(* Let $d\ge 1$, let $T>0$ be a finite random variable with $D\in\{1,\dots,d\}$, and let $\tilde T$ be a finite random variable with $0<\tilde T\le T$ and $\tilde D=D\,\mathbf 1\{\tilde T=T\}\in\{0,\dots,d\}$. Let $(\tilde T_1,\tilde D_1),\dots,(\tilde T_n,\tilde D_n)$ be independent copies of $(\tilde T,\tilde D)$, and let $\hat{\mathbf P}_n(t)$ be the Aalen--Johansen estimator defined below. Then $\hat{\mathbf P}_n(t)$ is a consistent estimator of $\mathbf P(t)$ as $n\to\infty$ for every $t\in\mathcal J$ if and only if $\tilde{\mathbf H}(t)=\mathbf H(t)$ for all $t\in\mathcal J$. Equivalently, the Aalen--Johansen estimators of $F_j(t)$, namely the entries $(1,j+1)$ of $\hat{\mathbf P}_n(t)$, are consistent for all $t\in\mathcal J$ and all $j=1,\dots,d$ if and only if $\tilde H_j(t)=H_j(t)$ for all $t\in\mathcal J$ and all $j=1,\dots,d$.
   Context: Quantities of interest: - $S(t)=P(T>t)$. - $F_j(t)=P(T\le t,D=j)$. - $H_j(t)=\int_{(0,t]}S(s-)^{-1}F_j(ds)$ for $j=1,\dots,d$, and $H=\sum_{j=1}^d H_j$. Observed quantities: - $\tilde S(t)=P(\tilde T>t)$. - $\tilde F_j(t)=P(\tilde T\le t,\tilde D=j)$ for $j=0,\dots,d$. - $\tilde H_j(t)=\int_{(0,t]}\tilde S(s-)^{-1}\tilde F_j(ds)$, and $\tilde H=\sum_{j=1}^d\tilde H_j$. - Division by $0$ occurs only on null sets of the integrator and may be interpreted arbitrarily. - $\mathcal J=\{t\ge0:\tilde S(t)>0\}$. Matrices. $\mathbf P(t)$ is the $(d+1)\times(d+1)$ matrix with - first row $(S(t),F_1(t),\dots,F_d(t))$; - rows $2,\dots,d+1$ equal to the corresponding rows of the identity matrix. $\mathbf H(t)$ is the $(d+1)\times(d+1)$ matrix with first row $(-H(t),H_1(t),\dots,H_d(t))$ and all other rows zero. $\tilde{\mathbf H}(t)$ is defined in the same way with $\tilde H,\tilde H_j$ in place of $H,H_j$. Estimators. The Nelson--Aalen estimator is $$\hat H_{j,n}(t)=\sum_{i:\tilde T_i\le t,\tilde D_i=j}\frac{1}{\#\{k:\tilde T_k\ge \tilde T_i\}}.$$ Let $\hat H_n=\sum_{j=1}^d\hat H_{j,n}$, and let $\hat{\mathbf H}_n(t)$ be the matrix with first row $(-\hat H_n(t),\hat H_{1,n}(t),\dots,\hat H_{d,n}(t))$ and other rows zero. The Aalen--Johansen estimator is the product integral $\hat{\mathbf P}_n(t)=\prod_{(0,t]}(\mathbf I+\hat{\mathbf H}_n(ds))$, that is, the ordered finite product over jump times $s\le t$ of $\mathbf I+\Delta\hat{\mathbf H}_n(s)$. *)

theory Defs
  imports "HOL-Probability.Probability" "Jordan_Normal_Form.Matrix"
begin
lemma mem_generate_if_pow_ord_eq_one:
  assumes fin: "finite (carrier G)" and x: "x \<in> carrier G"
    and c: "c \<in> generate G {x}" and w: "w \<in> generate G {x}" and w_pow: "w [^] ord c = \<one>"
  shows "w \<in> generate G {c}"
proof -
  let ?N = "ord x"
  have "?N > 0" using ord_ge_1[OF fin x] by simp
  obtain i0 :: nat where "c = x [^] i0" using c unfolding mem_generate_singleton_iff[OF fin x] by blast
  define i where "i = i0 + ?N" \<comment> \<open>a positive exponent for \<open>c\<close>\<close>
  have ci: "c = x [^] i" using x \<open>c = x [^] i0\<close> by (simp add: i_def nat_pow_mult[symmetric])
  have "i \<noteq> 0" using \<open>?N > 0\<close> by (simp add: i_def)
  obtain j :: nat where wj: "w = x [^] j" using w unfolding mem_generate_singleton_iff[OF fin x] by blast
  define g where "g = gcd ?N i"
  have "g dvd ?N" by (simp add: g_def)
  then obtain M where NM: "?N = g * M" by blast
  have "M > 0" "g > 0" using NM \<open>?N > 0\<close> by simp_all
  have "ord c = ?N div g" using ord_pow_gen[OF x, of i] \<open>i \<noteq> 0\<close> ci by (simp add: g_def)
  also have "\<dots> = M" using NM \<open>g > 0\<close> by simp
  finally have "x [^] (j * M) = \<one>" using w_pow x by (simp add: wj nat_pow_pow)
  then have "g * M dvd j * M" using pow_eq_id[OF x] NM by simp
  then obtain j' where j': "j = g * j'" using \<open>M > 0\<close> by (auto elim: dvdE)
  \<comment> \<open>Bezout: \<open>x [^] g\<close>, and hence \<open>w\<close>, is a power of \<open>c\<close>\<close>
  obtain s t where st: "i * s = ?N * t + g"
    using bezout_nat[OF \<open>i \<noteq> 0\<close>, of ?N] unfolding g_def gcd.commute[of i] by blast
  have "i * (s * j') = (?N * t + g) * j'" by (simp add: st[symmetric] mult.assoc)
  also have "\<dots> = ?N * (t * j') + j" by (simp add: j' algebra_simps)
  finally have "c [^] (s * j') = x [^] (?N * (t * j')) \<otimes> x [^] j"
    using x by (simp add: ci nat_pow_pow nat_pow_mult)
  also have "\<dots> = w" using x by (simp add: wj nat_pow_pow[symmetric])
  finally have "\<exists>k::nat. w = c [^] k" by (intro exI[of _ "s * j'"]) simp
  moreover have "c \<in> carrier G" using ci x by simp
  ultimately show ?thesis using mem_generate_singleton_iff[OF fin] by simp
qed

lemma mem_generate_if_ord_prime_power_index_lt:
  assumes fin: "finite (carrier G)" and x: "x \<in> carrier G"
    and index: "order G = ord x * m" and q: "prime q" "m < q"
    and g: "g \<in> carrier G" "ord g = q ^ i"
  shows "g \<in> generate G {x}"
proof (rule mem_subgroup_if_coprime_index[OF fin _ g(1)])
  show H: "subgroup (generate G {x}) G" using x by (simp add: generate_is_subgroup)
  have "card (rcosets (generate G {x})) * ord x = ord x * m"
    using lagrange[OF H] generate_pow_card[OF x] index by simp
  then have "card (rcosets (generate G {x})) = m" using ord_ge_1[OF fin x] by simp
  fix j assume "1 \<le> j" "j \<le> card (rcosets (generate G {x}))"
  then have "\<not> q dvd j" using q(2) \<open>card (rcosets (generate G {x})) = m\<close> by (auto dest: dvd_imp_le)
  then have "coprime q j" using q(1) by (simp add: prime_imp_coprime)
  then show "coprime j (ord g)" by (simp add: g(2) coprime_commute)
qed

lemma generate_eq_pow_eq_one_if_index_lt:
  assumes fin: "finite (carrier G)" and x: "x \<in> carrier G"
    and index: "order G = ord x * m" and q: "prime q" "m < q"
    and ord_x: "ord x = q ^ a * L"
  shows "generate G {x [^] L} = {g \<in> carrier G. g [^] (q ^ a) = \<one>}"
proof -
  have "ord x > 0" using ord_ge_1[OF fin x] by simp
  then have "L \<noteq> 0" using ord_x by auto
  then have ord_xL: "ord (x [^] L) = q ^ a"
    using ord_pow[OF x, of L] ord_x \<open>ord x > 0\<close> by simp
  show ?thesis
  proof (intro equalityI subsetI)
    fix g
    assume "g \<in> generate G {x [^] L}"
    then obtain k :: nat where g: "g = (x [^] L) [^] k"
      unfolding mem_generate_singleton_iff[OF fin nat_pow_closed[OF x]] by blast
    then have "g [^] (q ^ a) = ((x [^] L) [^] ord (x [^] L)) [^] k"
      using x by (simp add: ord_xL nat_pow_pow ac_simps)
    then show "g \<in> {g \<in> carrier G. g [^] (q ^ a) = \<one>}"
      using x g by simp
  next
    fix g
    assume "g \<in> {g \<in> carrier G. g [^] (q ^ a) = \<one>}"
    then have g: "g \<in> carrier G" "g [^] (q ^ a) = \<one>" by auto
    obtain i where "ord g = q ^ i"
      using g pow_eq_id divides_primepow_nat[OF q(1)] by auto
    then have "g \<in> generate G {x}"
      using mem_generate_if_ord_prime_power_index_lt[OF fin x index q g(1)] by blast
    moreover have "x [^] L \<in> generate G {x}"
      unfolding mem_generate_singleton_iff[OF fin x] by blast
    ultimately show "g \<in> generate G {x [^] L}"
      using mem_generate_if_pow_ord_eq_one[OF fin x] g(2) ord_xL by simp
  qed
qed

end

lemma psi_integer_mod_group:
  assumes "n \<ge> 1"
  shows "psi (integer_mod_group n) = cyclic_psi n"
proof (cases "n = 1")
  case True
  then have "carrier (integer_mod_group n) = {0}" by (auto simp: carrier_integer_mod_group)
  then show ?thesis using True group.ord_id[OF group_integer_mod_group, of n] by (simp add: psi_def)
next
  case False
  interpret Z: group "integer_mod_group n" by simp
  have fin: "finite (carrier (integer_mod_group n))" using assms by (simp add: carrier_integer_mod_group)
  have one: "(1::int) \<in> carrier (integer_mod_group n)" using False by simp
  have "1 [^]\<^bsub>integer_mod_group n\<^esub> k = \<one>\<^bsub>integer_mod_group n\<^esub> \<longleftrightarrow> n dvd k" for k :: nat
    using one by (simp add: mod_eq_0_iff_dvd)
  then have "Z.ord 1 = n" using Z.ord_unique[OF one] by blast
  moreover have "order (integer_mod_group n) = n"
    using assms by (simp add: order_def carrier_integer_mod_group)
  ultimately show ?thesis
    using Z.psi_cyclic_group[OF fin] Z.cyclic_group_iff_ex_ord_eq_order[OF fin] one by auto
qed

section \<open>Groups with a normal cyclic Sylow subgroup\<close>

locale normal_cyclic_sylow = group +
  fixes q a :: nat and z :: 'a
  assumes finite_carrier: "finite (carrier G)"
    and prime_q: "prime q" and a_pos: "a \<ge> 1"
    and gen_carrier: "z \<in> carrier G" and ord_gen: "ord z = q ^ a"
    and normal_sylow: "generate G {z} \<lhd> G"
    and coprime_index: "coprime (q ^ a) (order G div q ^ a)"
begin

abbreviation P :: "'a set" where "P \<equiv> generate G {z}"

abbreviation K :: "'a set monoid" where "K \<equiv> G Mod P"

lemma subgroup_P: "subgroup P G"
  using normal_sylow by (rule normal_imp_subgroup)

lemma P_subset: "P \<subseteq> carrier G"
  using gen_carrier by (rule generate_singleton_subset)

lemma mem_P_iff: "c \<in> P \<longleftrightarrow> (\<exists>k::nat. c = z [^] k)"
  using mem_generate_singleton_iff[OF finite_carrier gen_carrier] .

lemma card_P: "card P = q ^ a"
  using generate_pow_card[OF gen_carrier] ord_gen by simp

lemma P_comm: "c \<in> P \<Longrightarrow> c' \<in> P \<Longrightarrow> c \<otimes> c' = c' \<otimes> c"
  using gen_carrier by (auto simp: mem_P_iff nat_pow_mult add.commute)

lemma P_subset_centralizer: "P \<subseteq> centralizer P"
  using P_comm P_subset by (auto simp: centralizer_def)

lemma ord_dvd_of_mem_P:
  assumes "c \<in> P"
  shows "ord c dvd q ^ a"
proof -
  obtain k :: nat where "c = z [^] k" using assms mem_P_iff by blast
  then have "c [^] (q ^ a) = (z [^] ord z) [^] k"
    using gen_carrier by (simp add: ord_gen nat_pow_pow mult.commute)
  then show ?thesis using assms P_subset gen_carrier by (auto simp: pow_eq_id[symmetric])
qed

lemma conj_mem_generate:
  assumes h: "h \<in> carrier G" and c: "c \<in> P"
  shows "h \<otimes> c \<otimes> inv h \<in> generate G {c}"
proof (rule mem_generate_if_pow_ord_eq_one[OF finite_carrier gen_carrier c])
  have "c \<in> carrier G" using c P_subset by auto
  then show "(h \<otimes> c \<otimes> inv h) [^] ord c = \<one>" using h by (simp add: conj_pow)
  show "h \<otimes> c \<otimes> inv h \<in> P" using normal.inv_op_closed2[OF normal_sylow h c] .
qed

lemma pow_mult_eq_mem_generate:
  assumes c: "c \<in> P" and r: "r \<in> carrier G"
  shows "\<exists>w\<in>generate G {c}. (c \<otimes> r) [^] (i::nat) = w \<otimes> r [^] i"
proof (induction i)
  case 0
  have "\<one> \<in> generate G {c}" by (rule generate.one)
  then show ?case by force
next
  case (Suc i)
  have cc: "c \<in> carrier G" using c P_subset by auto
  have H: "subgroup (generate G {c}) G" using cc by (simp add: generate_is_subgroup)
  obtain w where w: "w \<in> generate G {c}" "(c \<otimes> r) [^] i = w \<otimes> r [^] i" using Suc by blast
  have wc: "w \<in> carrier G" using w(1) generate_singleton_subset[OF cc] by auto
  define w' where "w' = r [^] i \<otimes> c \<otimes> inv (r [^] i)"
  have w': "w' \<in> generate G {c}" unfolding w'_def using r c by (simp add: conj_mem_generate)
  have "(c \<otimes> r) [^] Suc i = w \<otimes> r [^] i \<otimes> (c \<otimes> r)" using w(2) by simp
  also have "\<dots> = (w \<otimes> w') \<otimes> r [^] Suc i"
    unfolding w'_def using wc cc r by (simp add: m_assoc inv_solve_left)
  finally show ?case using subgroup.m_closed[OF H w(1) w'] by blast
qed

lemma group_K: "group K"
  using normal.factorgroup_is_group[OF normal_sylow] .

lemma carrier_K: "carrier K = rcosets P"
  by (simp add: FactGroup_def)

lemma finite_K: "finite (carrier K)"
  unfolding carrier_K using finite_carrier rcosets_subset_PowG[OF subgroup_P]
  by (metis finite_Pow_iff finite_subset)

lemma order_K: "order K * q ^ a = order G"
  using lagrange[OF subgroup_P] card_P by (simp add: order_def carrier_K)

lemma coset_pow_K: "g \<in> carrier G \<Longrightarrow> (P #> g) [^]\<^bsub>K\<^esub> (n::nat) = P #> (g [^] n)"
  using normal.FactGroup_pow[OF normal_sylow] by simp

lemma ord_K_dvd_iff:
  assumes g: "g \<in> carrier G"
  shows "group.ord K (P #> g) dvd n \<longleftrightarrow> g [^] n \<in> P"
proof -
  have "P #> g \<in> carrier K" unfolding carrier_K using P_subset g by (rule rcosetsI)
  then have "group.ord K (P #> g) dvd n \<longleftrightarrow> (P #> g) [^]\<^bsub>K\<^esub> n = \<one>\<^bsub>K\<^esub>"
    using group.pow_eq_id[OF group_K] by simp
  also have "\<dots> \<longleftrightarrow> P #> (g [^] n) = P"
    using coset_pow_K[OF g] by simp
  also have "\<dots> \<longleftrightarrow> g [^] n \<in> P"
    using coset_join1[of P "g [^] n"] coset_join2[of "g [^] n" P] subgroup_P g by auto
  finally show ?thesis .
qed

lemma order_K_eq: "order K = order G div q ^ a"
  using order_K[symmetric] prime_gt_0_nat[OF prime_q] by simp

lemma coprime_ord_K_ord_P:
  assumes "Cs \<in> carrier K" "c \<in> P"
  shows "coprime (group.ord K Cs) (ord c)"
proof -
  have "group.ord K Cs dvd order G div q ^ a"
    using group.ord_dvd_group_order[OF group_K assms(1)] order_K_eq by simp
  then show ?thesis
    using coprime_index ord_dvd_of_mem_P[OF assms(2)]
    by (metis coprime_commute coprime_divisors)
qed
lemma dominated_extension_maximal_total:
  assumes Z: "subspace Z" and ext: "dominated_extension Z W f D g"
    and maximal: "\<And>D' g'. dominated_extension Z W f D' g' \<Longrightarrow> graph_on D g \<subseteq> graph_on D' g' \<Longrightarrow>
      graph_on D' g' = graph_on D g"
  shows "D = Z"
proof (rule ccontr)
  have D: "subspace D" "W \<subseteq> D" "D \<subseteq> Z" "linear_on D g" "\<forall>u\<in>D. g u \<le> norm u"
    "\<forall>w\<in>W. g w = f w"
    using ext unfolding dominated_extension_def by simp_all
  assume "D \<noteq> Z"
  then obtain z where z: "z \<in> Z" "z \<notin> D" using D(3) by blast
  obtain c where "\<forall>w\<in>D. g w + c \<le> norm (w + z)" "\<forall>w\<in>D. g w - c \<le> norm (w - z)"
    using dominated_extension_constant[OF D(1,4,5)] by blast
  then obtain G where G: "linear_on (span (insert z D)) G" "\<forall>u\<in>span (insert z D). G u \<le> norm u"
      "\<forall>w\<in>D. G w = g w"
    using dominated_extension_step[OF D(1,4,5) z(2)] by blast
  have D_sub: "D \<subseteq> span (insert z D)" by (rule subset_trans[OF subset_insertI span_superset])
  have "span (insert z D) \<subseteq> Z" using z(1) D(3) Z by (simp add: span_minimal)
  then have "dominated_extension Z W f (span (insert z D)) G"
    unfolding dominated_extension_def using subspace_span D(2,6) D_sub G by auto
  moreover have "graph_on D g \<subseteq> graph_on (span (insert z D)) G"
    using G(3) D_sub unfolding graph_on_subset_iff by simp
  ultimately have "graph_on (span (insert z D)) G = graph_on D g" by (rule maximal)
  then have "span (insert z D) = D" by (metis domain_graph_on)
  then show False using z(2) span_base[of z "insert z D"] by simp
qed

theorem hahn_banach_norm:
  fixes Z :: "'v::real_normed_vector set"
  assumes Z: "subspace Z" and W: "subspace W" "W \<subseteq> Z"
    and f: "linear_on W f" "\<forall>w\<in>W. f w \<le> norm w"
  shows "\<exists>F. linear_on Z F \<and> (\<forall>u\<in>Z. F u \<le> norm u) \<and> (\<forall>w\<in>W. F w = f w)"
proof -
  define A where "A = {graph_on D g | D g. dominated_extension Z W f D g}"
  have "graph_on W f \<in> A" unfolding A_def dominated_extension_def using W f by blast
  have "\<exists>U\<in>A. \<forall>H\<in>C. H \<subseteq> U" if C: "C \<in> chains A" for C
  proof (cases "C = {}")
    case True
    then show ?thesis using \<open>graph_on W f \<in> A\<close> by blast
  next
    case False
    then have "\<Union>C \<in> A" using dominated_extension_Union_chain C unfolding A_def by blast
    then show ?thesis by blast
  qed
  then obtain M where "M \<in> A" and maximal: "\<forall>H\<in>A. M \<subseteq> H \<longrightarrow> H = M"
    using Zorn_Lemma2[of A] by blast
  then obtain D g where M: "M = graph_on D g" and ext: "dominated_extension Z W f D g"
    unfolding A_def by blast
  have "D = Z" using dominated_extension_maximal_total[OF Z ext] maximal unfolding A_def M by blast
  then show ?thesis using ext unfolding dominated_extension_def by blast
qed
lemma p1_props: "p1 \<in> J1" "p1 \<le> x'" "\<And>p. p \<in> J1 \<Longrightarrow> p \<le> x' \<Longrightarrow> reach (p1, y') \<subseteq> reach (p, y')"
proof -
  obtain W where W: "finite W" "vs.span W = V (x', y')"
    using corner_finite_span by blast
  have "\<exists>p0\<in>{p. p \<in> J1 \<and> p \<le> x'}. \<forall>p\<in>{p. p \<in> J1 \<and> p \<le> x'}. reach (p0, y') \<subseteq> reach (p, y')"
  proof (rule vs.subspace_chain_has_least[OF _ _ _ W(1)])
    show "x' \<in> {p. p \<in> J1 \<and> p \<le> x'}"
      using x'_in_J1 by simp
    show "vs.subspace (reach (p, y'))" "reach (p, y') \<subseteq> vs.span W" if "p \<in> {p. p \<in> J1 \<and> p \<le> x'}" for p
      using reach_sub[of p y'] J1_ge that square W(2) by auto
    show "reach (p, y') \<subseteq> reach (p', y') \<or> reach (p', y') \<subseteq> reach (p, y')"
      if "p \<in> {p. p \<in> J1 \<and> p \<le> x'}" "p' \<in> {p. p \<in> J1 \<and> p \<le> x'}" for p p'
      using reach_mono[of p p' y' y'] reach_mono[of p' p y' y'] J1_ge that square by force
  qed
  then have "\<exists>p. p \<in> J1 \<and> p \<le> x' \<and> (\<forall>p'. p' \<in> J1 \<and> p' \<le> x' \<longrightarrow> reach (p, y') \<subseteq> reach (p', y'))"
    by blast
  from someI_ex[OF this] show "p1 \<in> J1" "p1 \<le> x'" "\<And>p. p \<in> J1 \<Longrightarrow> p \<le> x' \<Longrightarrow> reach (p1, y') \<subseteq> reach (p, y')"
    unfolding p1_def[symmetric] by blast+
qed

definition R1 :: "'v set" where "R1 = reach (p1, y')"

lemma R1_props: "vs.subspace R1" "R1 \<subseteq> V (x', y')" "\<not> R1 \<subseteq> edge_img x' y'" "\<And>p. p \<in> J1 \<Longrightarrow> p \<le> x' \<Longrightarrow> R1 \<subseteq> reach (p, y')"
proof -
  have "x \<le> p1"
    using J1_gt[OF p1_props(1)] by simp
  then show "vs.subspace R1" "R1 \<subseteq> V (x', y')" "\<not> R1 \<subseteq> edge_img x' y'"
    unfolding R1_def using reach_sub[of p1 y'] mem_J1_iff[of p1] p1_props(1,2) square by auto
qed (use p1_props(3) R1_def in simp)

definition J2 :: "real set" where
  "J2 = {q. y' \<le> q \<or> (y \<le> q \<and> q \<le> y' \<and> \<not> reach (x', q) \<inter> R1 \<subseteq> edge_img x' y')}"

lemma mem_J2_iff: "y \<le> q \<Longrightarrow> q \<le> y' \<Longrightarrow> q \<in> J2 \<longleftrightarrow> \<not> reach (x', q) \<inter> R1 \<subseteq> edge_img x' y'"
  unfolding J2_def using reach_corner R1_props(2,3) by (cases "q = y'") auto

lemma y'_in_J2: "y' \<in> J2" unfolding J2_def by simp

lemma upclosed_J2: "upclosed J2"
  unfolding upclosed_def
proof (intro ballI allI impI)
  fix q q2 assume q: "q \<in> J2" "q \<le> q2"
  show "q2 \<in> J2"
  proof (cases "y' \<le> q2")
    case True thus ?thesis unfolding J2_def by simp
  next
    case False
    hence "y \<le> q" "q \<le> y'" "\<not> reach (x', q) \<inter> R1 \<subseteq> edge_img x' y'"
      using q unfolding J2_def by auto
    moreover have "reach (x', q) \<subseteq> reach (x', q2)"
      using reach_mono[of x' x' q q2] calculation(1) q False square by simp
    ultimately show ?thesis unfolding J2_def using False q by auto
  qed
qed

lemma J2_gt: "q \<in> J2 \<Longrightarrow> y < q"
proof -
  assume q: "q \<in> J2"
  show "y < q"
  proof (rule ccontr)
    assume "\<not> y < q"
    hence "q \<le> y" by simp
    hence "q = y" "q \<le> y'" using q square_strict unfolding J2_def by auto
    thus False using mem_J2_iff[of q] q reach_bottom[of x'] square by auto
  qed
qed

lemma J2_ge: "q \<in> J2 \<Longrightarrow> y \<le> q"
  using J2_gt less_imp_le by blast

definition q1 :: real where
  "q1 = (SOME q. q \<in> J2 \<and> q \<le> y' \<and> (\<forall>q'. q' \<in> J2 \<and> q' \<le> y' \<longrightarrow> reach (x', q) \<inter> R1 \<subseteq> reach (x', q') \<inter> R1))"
◇ ◇ ◇ ◇ ◇
** Instructions for the task **
Pick every line from the listing holding the string "metis", and copy it.

** Solution **
  by (metis finite_Pow_iff finite_subset)
    by (metis coprime_commute coprime_divisors)
  then have "span (insert z D) = D" by (metis domain_graph_on)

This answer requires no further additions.